In six starts since his activation, he’s put up a 6.16 ERA, 1.40 WHIP, and 20:7 K/BB ratio over 30 2/3 innings. He’s also allowed eight home runs over that span. He surrendered just nine home runs over his first 10 starts of the year before the injury and compiled a 4.14 ERA, 1.02 WHIP, and 38:12 K/BB ratio over 58 2/3 innings. The best aspect of Plesac’s game is his Walk Rate, which checks in a 5.1% and ranks in the 91st percentile. However, his Strikeout Rate, which sits at 15.6%, is in the fifth percentile. He put up an 18.5% K Rate his rookie season back in 2019 and jumped all the way up to 27.7% in the shortened 2020 campaign, so that’s quite a step back. He does provide some value with his low WHIP, but he simply doesn’t generate enough swings and misses (23.4% Whiff Rate), which caps his ceiling.

Garrett Hampson (OF – COL)
Hampson could have made this list a while ago as he’s been struggling for quite some time.
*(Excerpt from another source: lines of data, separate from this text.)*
lemma left_cdf_diff_le_kolmogorov_dist:
  assumes "real_distribution P" "real_distribution Q"
  shows "\<bar>measure P {..<x} - measure Q {..<x}\<bar> \<le> kolmogorov_dist P Q"
proof (rule tendsto_upperbound)
  show "((\<lambda>t. \<bar>cdf P t - cdf Q t\<bar>) \<longlongrightarrow> \<bar>measure P {..<x} - measure Q {..<x}\<bar>) (at_left x)"
    using assms
    by (intro tendsto_intros finite_borel_measure.cdf_at_left real_distribution.finite_borel_measure_M)
  show "\<forall>\<^sub>F t in at_left x. \<bar>cdf P t - cdf Q t\<bar> \<le> kolmogorov_dist P Q"
    using assms by (simp add: cdf_def real_distribution_def cdf_diff_le_kolmogorov_dist)
qed simp

lemma ereal_ray_diff_le_kolmogorov_dist:
  assumes P: "real_distribution P" and Q: "real_distribution Q"
  shows "\<bar>measure P {t. ereal t \<le> h} - measure Q {t. ereal t \<le> h}\<bar> \<le> kolmogorov_dist P Q"
    and "\<bar>measure P {t. ereal t < h} - measure Q {t. ereal t < h}\<bar> \<le> kolmogorov_dist P Q"
proof -
  have "0 \<le> kolmogorov_dist P Q"
    using P Q by (simp add: real_distribution_def kolmogorov_dist_nonneg)
  moreover have "measure P UNIV = 1" "measure Q UNIV = 1"
    using P Q by (metis prob_space.prob_space real_distribution.axioms(1) real_distribution.space_eq_univ)+
  ultimately show "\<bar>measure P {t. ereal t \<le> h} - measure Q {t. ereal t \<le> h}\<bar> \<le> kolmogorov_dist P Q"
    and "\<bar>measure P {t. ereal t < h} - measure Q {t. ereal t < h}\<bar> \<le> kolmogorov_dist P Q"
    using P Q cdf_diff_le_kolmogorov_dist left_cdf_diff_le_kolmogorov_dist
    by (cases h; simp add: real_distribution_def atMost_def lessThan_def)+
qed
lemma gmm_dist_eq_0_imp_component_mass_eq:
  assumes v0: "valid_gmm r0" and v1: "valid_gmm r1" and "gmm_dist r0 r1 = 0"
  shows "gmm_component_mass r0 = gmm_component_mass r1"
proof
  fix \<theta>
  obtain c where "c > 0" and c: "\<And>\<pi>. \<pi> \<in> couplings r0 r1 \<Longrightarrow>
    c * (\<Sum>i<length r0. \<Sum>j<length r1. if gmm_component r0 i \<noteq> gmm_component r1 j then \<pi> i j else 0)
      \<le> gmm_cost r0 r1 \<pi>"
    using gmm_cost_ge_mismatch[OF v0 v1] by blast
  have "c * \<bar>gmm_component_mass r0 \<theta> - gmm_component_mass r1 \<theta>\<bar> \<le> gmm_cost r0 r1 \<pi>"
    if "\<pi> \<in> couplings r0 r1" for \<pi>
    using mult_left_mono[OF gmm_component_mass_diff_le_mismatch[OF that, of \<theta>] less_imp_le[OF \<open>c > 0\<close>]]
      c[OF that]
    by linarith
  hence "c * \<bar>gmm_component_mass r0 \<theta> - gmm_component_mass r1 \<theta>\<bar>
      \<le> Inf (gmm_cost r0 r1 ` couplings r0 r1)"
    by (rule le_Inf_gmm_cost[OF v0 v1])
  also have "Inf (gmm_cost r0 r1 ` couplings r0 r1) = 0" using assms(3) unfolding gmm_dist_def by simp
  finally show "gmm_component_mass r0 \<theta> = gmm_component_mass r1 \<theta>"
    using \<open>c > 0\<close> by (simp add: mult_le_0_iff)
qed

text \<open>If the common mass of a Gaussian is \<open>0\<close>, all weights on it vanish, so the junk value
  \<open>x / 0 = 0\<close> is harmless.\<close>

definition matching_coupling :: "('n::finite) gmm \<Rightarrow> ('n::finite) gmm \<Rightarrow> nat \<Rightarrow> nat \<Rightarrow> real" where
  "matching_coupling r0 r1 i j = (if gmm_component r0 i = gmm_component r1 j
     then wt r0 i * wt r1 j / gmm_component_mass r0 (gmm_component r0 i) else 0)"

lemma matching_coupling_in_couplings:
  assumes v0: "valid_gmm r0" and v1: "valid_gmm r1"
    and eq: "gmm_component_mass r0 = gmm_component_mass r1"
  shows "matching_coupling r0 r1 \<in> couplings r0 r1"
  unfolding couplings_def
proof (intro CollectI conjI allI impI)
  fix i j assume "i < length r0" "j < length r1"
  thus "matching_coupling r0 r1 i j \<ge> 0"
    unfolding matching_coupling_def
    using valid_gmmD(1)[OF v0] valid_gmmD(1)[OF v1] gmm_component_mass_nonneg[OF v0] by auto
next
  fix i assume i: "i < length r0"
  let ?M = "gmm_component_mass r0 (gmm_component r0 i)"
  have "(\<Sum>j<length r1. matching_coupling r0 r1 i j)
      = (\<Sum>j<length r1. if gmm_component r1 j = gmm_component r0 i then wt r1 j * (wt r0 i / ?M) else 0)"
    unfolding matching_coupling_def by (intro sum.cong) auto
  also have "\<dots> = ?M * (wt r0 i / ?M)" unfolding sum_if_gmm_component eq ..
  also have "\<dots> = wt r0 i" using wt_le_gmm_component_mass[OF v0 i] valid_gmmD(1)[OF v0 i] by auto
  finally show "(\<Sum>j<length r1. matching_coupling r0 r1 i j) = wt r0 i" .
next
  fix j assume j: "j < length r1"
  let ?M = "gmm_component_mass r0 (gmm_component r1 j)"
  have "(\<Sum>i<length r0. matching_coupling r0 r1 i j)
      = (\<Sum>i<length r0. if gmm_component r0 i = gmm_component r1 j then wt r0 i * (wt r1 j / ?M) else 0)"
    unfolding matching_coupling_def by (intro sum.cong) auto
  also have "\<dots> = ?M * (wt r1 j / ?M)" unfolding sum_if_gmm_component ..
  also have "\<dots> = wt r1 j"
    using wt_le_gmm_component_mass[OF v1 j] valid_gmmD(1)[OF v1 j] unfolding eq by auto
  finally show "(\<Sum>i<length r0. matching_coupling r0 r1 i j) = wt r1 j" .
qed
Since July 1, he’s been slashing .182/.234/.216 with zero home runs, zero RBI, and is 2-for-4 on stolen base attempts in 94 plate appearances. He’s started two out of six possible games last week and has been ceding playing time to Yonathan Daza, Connor Joe, Brendan Rodgers, and Sam Hilliard over the last two months. The Rockies have historically done a poor job balancing out playing time with their younger players, but Hampson’s struggles at the plate have left them with no choice. He’s batting just .154 with a .420 OPS since the All-Star break and owns a .237/.289/.380 batting line with six home runs, 21 RBI, and 14 stolen bases across 329 at-bats for the season. Hampson is very fast, ranking in the 99th percentile in sprint speed, but he’s only swiped four bags since June 1.

On a positive note, he’s lowered his Strikeout Rate from 32.6% last season to 23.7% this year, but he’s also posted a career-low 6.1% Walk Rate. Hampson’s greatest asset is his speed, but it can’t be put to good use unless he’s getting on base consistently. His .289 wOBA isn’t getting the job done, while his .277 xwOBA ranks in the sixth percentile. He does have a .300 BABIP–the lowest mark of his career–which feels low for a player with his speed. The Rockies have quite the log jam in the outfield, and the emergence of Rodgers has made Hampson the odd man out more often than not, which makes it very difficult for him to get into a rhythm. He’s still just 26-years-old, so there’s always the chance he could figure things out down the line. It’s telling that the Rockies haven’t committed to him, but his OPS has declined every single season since 2018, and he’s showing no signs of being able to turn it around.